Usually we’d want to do some preprocessing on our data to make sure it’s properly normalized etc. However, since all the features are sampled from a standard normal we don’t have to worry about that here.

Now we can define the trainer functor. We’ll want to save the model once the pipeline is finished running so we’ll use a class functor with a local_term method. Typically When using a GPU you will need to define the model on the local/child process.
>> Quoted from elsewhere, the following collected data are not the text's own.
(* Let $\nu:\mathcal{C}\to\mathbb{Z}$ and $\psi:\mathcal{C}\to\mathbb{R}$ be additive functions (group homomorphisms). If $\nu(\mathcal{K})=1$, then for all $\mathcal{K}'\in[\mathcal{K}]$, $\psi(\mathcal{K}')=\nu(\mathcal{K}')\,\psi(\mathcal{K})$.
   Context: $\mathcal{C}$ is the smooth knot concordance group. Let $\mathcal{C}^\circ=\mathcal{C}\setminus\{0\}$; $\mathcal{K}\sim'\mathcal{J}$ if there exist $\mathcal{M}\in\mathcal{C}$ and $r,s\in\mathbb{Z}$ with $\mathcal{K}=r\mathcal{M}$, $\mathcal{J}=s\mathcal{M}$; $\sim$ is the equivalence relation generated by $\sim'$; $[\mathcal{K}]$ denotes the $\sim$-class of $\mathcal{K}$ in $\mathbb{P}(\mathcal{C})=\mathcal{C}^\circ/\sim$. *)

theory Defs
  imports Complex_Main
begin

text \<open>The smooth knot concordance group is not available in Isabelle/HOL; it is modelled
  by an arbitrary abelian group, i.e. a type of class ab_group_add.\<close>

definition zsmult :: "int \<Rightarrow> 'a::ab_group_add \<Rightarrow> 'a" where
  "zsmult r x = (if 0 \<le> r then (\<Sum>i<nat r. x) else - (\<Sum>i<nat (- r). x))"

definition pre_sim :: "'a::ab_group_add \<Rightarrow> 'a \<Rightarrow> bool" where
  "pre_sim K J \<longleftrightarrow> (\<exists>M r s. K = zsmult r M \<and> J = zsmult s M)"

definition pre_sim_nz :: "'a::ab_group_add \<Rightarrow> 'a \<Rightarrow> bool" where
  "pre_sim_nz K J \<longleftrightarrow> K \<noteq> 0 \<and> J \<noteq> 0 \<and> pre_sim K J"

definition proj_sim :: "'a::ab_group_add \<Rightarrow> 'a \<Rightarrow> bool" where
  "proj_sim = (\<lambda>K J. pre_sim_nz K J \<or> pre_sim_nz J K)\<^sup>*\<^sup>*"

definition proj_class :: "'a::ab_group_add \<Rightarrow> 'a set" where
  "proj_class K = {J. J \<noteq> 0 \<and> proj_sim K J}"

end

theory Submission
  imports Defs
begin

text \<open>The map \<open>\<psi> - \<psi>(K) \<nu>\<close> is a homomorphism into the torsion-free group \<open>\<real>\<close>
  vanishing at \<open>K\<close>. The kernel of such a homomorphism is closed under \<open>\<sim>'\<close> between
  nonzero elements: if \<open>r M\<close> lies in it with \<open>r M \<noteq> 0\<close>, then \<open>r \<noteq> 0\<close>, so \<open>M\<close> lies in it
  by torsion-freeness, hence so does every multiple \<open>s M\<close>. Therefore the kernel
  contains the whole class \<open>[K]\<close>.\<close>

lemma zsmult_0_left [simp]: "zsmult 0 x = 0"
  by (simp add: zsmult_def)

lemma zsmult_eq_of_int_mult: "zsmult r (y :: 'b::ring_1) = of_int r * y"
  by (simp add: zsmult_def)

lemma additive_zsmult:
  assumes "additive f"
  shows "f (zsmult r x) = zsmult r (f x)"
  using assms by (simp add: zsmult_def additive.sum additive.minus)

lemma additive_pre_sim_nz_kernel:
  fixes h :: "'a::ab_group_add \<Rightarrow> 'b::{idom, ring_char_0}"
  assumes h: "additive h" and "h J = 0" and "pre_sim_nz J J' \<or> pre_sim_nz J' J"
  shows "h J' = 0"
proof -
  have hom: "h (zsmult r M) = of_int r * h M" for r M
    using h by (simp add: additive_zsmult zsmult_eq_of_int_mult)
  obtain M r s where J: "J = zsmult r M" "J \<noteq> 0" and J': "J' = zsmult s M"
    using assms(3) unfolding pre_sim_nz_def pre_sim_def by blast
  have "r \<noteq> 0"
    using J by auto
  with \<open>h J = 0\<close> have "h M = 0"
    by (simp add: J hom)
  then show ?thesis
    by (simp add: J' hom)
qed

lemma additive_proj_class_kernel:
  fixes h :: "'a::ab_group_add \<Rightarrow> 'b::{idom, ring_char_0}"
  assumes h: "additive h" and "h K = 0" and "K' \<in> proj_class K"
  shows "h K' = 0"
proof -
  have "proj_sim K K'"
    using assms(3) by (simp add: proj_class_def)
  then show ?thesis
    unfolding proj_sim_def
  proof (induction rule: rtranclp_induct)
    case base
    show ?case by (fact \<open>h K = 0\<close>)
  next
    case (step J J')
    then show ?case by (blast intro: additive_pre_sim_nz_kernel[OF h])
  qed
qed

theorem theorem7p1:
  fixes \<nu> :: "'c::ab_group_add \<Rightarrow> int" and \<psi> :: "'c \<Rightarrow> real" and K :: 'c
  assumes nu_add: "\<And>a b. \<nu> (a + b) = \<nu> a + \<nu> b"
    and psi_add: "\<And>a b. \<psi> (a + b) = \<psi> a + \<psi> b"
    and nuK: "\<nu> K = 1"
  shows "\<forall>K' \<in> proj_class K. \<psi> K' = of_int (\<nu> K') * \<psi> K"
proof
  fix K' assume K': "K' \<in> proj_class K"
  define h where "h x = \<psi> x - of_int (\<nu> x) * \<psi> K" for x
  have "additive h"
    by unfold_locales (simp add: h_def nu_add psi_add algebra_simps)
  moreover have "h K = 0"
    by (simp add: h_def nuK)
  ultimately have "h K' = 0"
    using K' by (rule additive_proj_class_kernel)
  then show "\<psi> K' = of_int (\<nu> K') * \<psi> K"
    by (simp add: h_def)
qed

end
(* Let $f\in L^2(\Omega)$ with $\int_\Omega f\ne0$, and let $u\in BV(\Omega;[0,1])$ be not identically equal to $1$. Let $S(u)\in H^1(\Omega)$ be the solution of $\int_\Omega a(u)\nabla S(u)\cdot\nabla v+\int_\Omega b(u)S(u)^3v=\int_\Omega fv$ for all $v\in H^1(\Omega)$. Then there exist a measurable $\Omega^*\subset\Omega$ with $|\Omega^*|\ne0$ and $Q>0$ such that $b(u)S(u)^2\ge Q$ a.e. in $\Omega^*$.
   Context: $\Omega\subset\mathbb{R}^2$ bounded Lipschitz domain, $0<k<1$, $a(u)=1-(1-k)u$, $b(u)=1-u$. *)

theory Defs
  imports "HOL-Analysis.Analysis"
begin

definition coef_a :: "real \<Rightarrow> real \<Rightarrow> real" where
  "coef_a k u = 1 - (1 - k) * u"

definition coef_b :: "real \<Rightarrow> real" where
  "coef_b u = 1 - u"

definition lipschitz_domain :: "(real^2) set \<Rightarrow> bool" where
  "lipschitz_domain \<Omega> \<longleftrightarrow> open \<Omega> \<and> connected \<Omega> \<and> \<Omega> \<noteq> {} \<and>
     (\<forall>x\<in>frontier \<Omega>. \<exists>r>0. \<exists>R::real^2\<Rightarrow>real^2. \<exists>\<gamma>::real\<Rightarrow>real. \<exists>L.
        orthogonal_transformation R \<and> (\<forall>s t. \<bar>\<gamma> s - \<gamma> t\<bar> \<le> L * \<bar>s - t\<bar>) \<and>
        (\<forall>y\<in>ball x r. y \<in> \<Omega> \<longleftrightarrow> (R (y - x)) $ 2 < \<gamma> ((R (y - x)) $ 1)))"

definition bounded_lipschitz_domain :: "(real^2) set \<Rightarrow> bool" where
  "bounded_lipschitz_domain \<Omega> \<longleftrightarrow> bounded \<Omega> \<and> lipschitz_domain \<Omega>"

definition pderiv :: "2 \<Rightarrow> (real^2 \<Rightarrow> 'b::real_normed_vector) \<Rightarrow> real^2 \<Rightarrow> 'b" where
  "pderiv i f x = frechet_derivative f (at x) (axis i 1)"
lemma neg_ms_simps [simp]:
  "neg_ms {#} = {}" "neg_ms (add_mset A M) = neg A \<union> neg_ms M"
  "neg_ms (M + N) = neg_ms M \<union> neg_ms N"
  by (auto simp: neg_ms_def)

lemma pos_ms_mono: "M \<subseteq># N \<Longrightarrow> pos_ms M \<subseteq> pos_ms N"
  by (auto simp: pos_ms_def dest: mset_subset_eqD)

lemma neg_ms_mono: "M \<subseteq># N \<Longrightarrow> neg_ms M \<subseteq> neg_ms N"
  by (auto simp: neg_ms_def dest: mset_subset_eqD)

lemma pos_neg_derived_connectives [simp]:
  "pos (Neg A) = neg A" "neg (Neg A) = pos A" "pos Top = {}" "neg Top = {}"
  "pos (And A B) = pos A \<union> pos B" "neg (And A B) = neg A \<union> neg B"
  "pos (Or A B) = pos A \<union> pos B" "neg (Or A B) = neg A \<union> neg B"
  "pos (Dia A) = pos A" "neg (Dia A) = neg A"
  by (auto simp: Neg_def Top_def And_def Or_def Dia_def)

lemma finite_star [simp]: "finite (star L) \<longleftrightarrow> finite L"
proof -
  have "star L = (\<lambda>A. Box (Imp A (Box A))) ` L" by (auto simp: star_def)
  moreover have "inj_on (\<lambda>A. Box (Imp A (Box A))) L" by (rule inj_onI) simp
  ultimately show ?thesis by (simp add: finite_image_iff)
qed

lemma star_subset_range_Box: "star L \<subseteq> range Box"
  by (auto simp: star_def)

lemma star_insert: "star (insert A L) = insert (Box (Imp A (Box A))) (star L)"
  by (auto simp: star_def)

definition interpolant :: "'a fm set \<Rightarrow> 'a fm set \<Rightarrow> 'a sequent \<Rightarrow> 'a sequent \<Rightarrow> 'a fm \<Rightarrow> bool" where
  "interpolant L1 L2 S1 S2 I \<longleftrightarrow>
     pos I \<subseteq> neg_seq S1 \<inter> pos_seq S2 \<and> neg I \<subseteq> pos_seq S1 \<inter> neg_seq S2 \<and>
     Grz_derives (star L1 \<union> set_mset (fst S1)) (set_mset (snd S1) \<union> {I}) \<and>
     Grz_derives (star L2 \<union> {I} \<union> set_mset (fst S2)) (set_mset (snd S2))"

definition has_interpolant :: "'a fm set \<Rightarrow> 'a fm set \<Rightarrow> 'a sequent \<Rightarrow> 'a sequent \<Rightarrow> bool" where
  "has_interpolant L1 L2 S1 S2 \<longleftrightarrow> (\<exists>I. interpolant L1 L2 S1 S2 I)"

(* Swapping the components turns I into \<not>I, so every rule needs to be treated only with its
   principal formula in the first component. *)
lemma interpolant_swap:
  assumes "interpolant L1 L2 S1 S2 I"
  shows "interpolant L2 L1 S2 S1 (Neg I)"
proof -
  have S1: "Grz_derives (star L1 \<union> set_mset (fst S1)) (set_mset (snd S1) \<union> {I})"
    and S2: "Grz_derives (star L2 \<union> {I} \<union> set_mset (fst S2)) (set_mset (snd S2))"
    using assms unfolding interpolant_def by auto
  have "Grz_derives (star L2 \<union> set_mset (fst S2)) (set_mset (snd S2) \<union> {Neg I})"
    by (rule Grz_derives_consequence[OF S2])
       (use S2 in \<open>auto simp: sat_seq_def dest: Grz_derives_finite\<close>)
  moreover have "Grz_derives (star L1 \<union> {Neg I} \<union> set_mset (fst S1)) (set_mset (snd S1))"
    by (rule Grz_derives_consequence[OF S1])
       (use S1 in \<open>auto simp: sat_seq_def dest: Grz_derives_finite\<close>)
  ultimately show ?thesis using assms unfolding interpolant_def by auto
qed

lemma has_interpolant_swap: "has_interpolant L1 L2 S1 S2 \<longleftrightarrow> has_interpolant L2 L1 S2 S1"
  unfolding has_interpolant_def by (blast intro: interpolant_swap)

lemma has_interpolant_transfer:
  assumes "has_interpolant L1 L2 (G', D') S2"
    and "pos_seq (G', D') \<subseteq> pos_seq (G, D)" "neg_seq (G', D') \<subseteq> neg_seq (G, D)"
    and "Grz F"
    and "\<And>v I. sat_seq v (star L1 \<union> set_mset G') (set_mset D' \<union> {I}) \<Longrightarrow> peval v F \<Longrightarrow>
           sat_seq v (star L1 \<union> set_mset G) (set_mset D \<union> {I})"
  shows "has_interpolant L1 L2 (G, D) S2"
proof -
  obtain I where I: "interpolant L1 L2 (G', D') S2 I"
    using assms(1) unfolding has_interpolant_def by blast
  then have left: "Grz_derives (star L1 \<union> set_mset G') (set_mset D' \<union> {I})"
    by (simp add: interpolant_def)
  have "Grz_derives (star L1 \<union> set_mset G) (set_mset D \<union> {I})"
    by (rule Grz_derives_consequence2[OF left Grz_derives_theorem[OF assms(4)]])
       (use left assms(5) in \<open>auto simp: sat_seq_def dest: Grz_derives_finite\<close>)
  with I assms(2,3) have "interpolant L1 L2 (G, D) S2 I"
    unfolding interpolant_def by auto
  then show ?thesis unfolding has_interpolant_def by blast
qed

lemma has_interpolant_axiom:
  assumes "finite L1" "finite L2" and "(At p \<in># G1 \<and> At p \<in># D1 + D2) \<or> Bot \<in># G1"
  shows "has_interpolant L1 L2 (G1, D1) (G2, D2)"
proof -
  consider "Bot \<in># G1 \<or> (At p \<in># G1 \<and> At p \<in># D1)" | "At p \<in># G1" "At p \<in># D2"
    using assms(3) by auto
  then show ?thesis
  proof cases
    case 1
    then have "interpolant L1 L2 (G1, D1) (G2, D2) Bot"
      using assms(1,2) unfolding interpolant_def
      by (force intro!: Grz_derives_valid simp: sat_seq_def)
    then show ?thesis unfolding has_interpolant_def by blast
  next
    case 2
    then have "interpolant L1 L2 (G1, D1) (G2, D2) (At p)"
      using assms(1,2) unfolding interpolant_def
      by (force intro!: Grz_derives_valid simp: sat_seq_def pos_seq_def neg_seq_def pos_ms_def)
    then show ?thesis unfolding has_interpolant_def by blast
  qed
qed

lemma has_interpolant_ImpL:
  assumes "has_interpolant L1 L2 (add_mset B G, D) S2"
    and "has_interpolant L1 L2 (G, add_mset A D) S2"
  shows "has_interpolant L1 L2 (add_mset (Imp A B) G, D) S2"
proof -
  obtain I0 I1 where I0: "interpolant L1 L2 (add_mset B G, D) S2 I0"
    and I1: "interpolant L1 L2 (G, add_mset A D) S2 I1"
    using assms unfolding has_interpolant_def by blast
  have left0: "Grz_derives (star L1 \<union> set_mset (add_mset B G)) (set_mset D \<union> {I0})"
    and right0: "Grz_derives (star L2 \<union> {I0} \<union> set_mset (fst S2)) (set_mset (snd S2))"
    using I0 by (simp_all add: interpolant_def)
  have left1: "Grz_derives (star L1 \<union> set_mset G) (set_mset (add_mset A D) \<union> {I1})"
    and right1: "Grz_derives (star L2 \<union> {I1} \<union> set_mset (fst S2)) (set_mset (snd S2))"
    using I1 by (simp_all add: interpolant_def)
  have "Grz_derives (star L1 \<union> set_mset (add_mset (Imp A B) G)) (set_mset D \<union> {Or I0 I1})"
    by (rule Grz_derives_consequence2[OF left0 left1])
       (use left0 in \<open>auto simp: sat_seq_def dest: Grz_derives_finite\<close>)
  moreover have "Grz_derives (star L2 \<union> {Or I0 I1} \<union> set_mset (fst S2)) (set_mset (snd S2))"
    by (rule Grz_derives_consequence2[OF right0 right1])
       (use right0 in \<open>auto simp: sat_seq_def dest: Grz_derives_finite\<close>)
  ultimately have "interpolant L1 L2 (add_mset (Imp A B) G, D) S2 (Or I0 I1)"
    using I0 I1 unfolding interpolant_def by (auto simp: pos_seq_def neg_seq_def)
  then show ?thesis unfolding has_interpolant_def by blast
qed

lemma has_interpolant_ImpR:
  "has_interpolant L1 L2 (add_mset A G, add_mset B D) S2 \<Longrightarrow>
   has_interpolant L1 L2 (G, add_mset (Imp A B) D) S2"
  by (erule has_interpolant_transfer[OF _ _ _ Grz_Top])
     (auto simp: pos_seq_def neg_seq_def sat_seq_def)

lemma has_interpolant_refl:
  "has_interpolant L1 L2 (add_mset B (add_mset (Box B) G), D) S2 \<Longrightarrow>
   has_interpolant L1 L2 (add_mset (Box B) G, D) S2"
  by (erule has_interpolant_transfer[OF _ _ _ Grz.T])
     (auto simp: pos_seq_def neg_seq_def sat_seq_def)

lemma has_interpolant_Box_star:
  assumes "A \<in> L1" and "has_interpolant L1 L2 (G, add_mset A D) S2"
  shows "has_interpolant L1 L2 (G, add_mset (Box A) D) S2"
proof (rule has_interpolant_transfer[OF assms(2) _ _ Grz.T[of "Imp A (Box A)"]])
  have in_star: "Box (Imp A (Box A)) \<in> star L1" using assms(1) by (auto simp: star_def)
  show "sat_seq v (star L1 \<union> set_mset G) (set_mset (add_mset (Box A) D) \<union> {I})"
    if "sat_seq v (star L1 \<union> set_mset G) (set_mset (add_mset A D) \<union> {I})"
      and "peval v (Imp (Box (Imp A (Box A))) (Imp A (Box A)))" for v I
    unfolding sat_seq_def
  proof
    assume all: "\<forall>x\<in>star L1 \<union> set_mset G. peval v x"
    with in_star have "v (Box (Imp A (Box A)))" by force
    with that(2) have "peval v A \<longrightarrow> v (Box A)" by simp
    with that(1) all show "\<exists>y\<in>set_mset (add_mset (Box A) D) \<union> {I}. peval v y"
      by (auto simp: sat_seq_def)
  qed
qed (auto simp: pos_seq_def neg_seq_def)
So lets also create a function to build our keras model and run in it local_init.

[3]:

import tensorflow as tf
from keras.models import Sequential
from keras.layers import Dense

#suppress tf warnings
tf.logging.set_verbosity(tf.logging.ERROR)

def build_model(hidden_arch):

    # Ask Tensorflow to use only as much GPU memory as needed
    config = tf.ConfigProto()
    config.gpu_options.allow_growth=True
    tf.Session(config=config)

    # Build model on local process
    model = Sequential()
    first_layer_output = hidden_arch.pop(0)
    model.add(Dense(first_layer_output, input_shape=(32,), activation='relu'))
    for output_size in hidden_arch:
        model.add(Dense(output_size, activation='relu'))
    model.add(Dense(1, activation='sigmoid'))

    # Return complied model
    model.compile(optimizer='adam',
                  loss='binary_crossentropy',
                  metrics=['accuracy'])

    return model

# Keras Trainer class
# This class will train a model via keras' model.fit
class train_keras:

    def __init__(self, hidden_arch, batch_size, save_name):
        self.batch_size = batch_size
        self.save_name = save_name
        self.hidden_arch = hidden_arch

    def local_init(self):
        self.model = build_model(self.hidden_arch)
        print('Model Summary')
        self.model.summary()
        print()

    def run(self, data):
        X, y = data
        self.model.fit(X, y, epochs=1, batch_size=self.batch_size)

    def local_term(self):
        print("Saving model to {}".format(self.save_name))
        self.model.save(self.save_name)

We set the session config and build the model in local_init so that the graph is built on the local process and not the main process, since Keras is not thread safe. Additionally we save the model in local_term so the model is not lost once the pipe segment and process is terminated. However, __init__ should be run on the main process before you start the pipeline.

[4]:

import minipipe as mp

# Init generator (optional) and class functors
loader = gen_fake_data(n_files=10, rows_per_file=32*1000)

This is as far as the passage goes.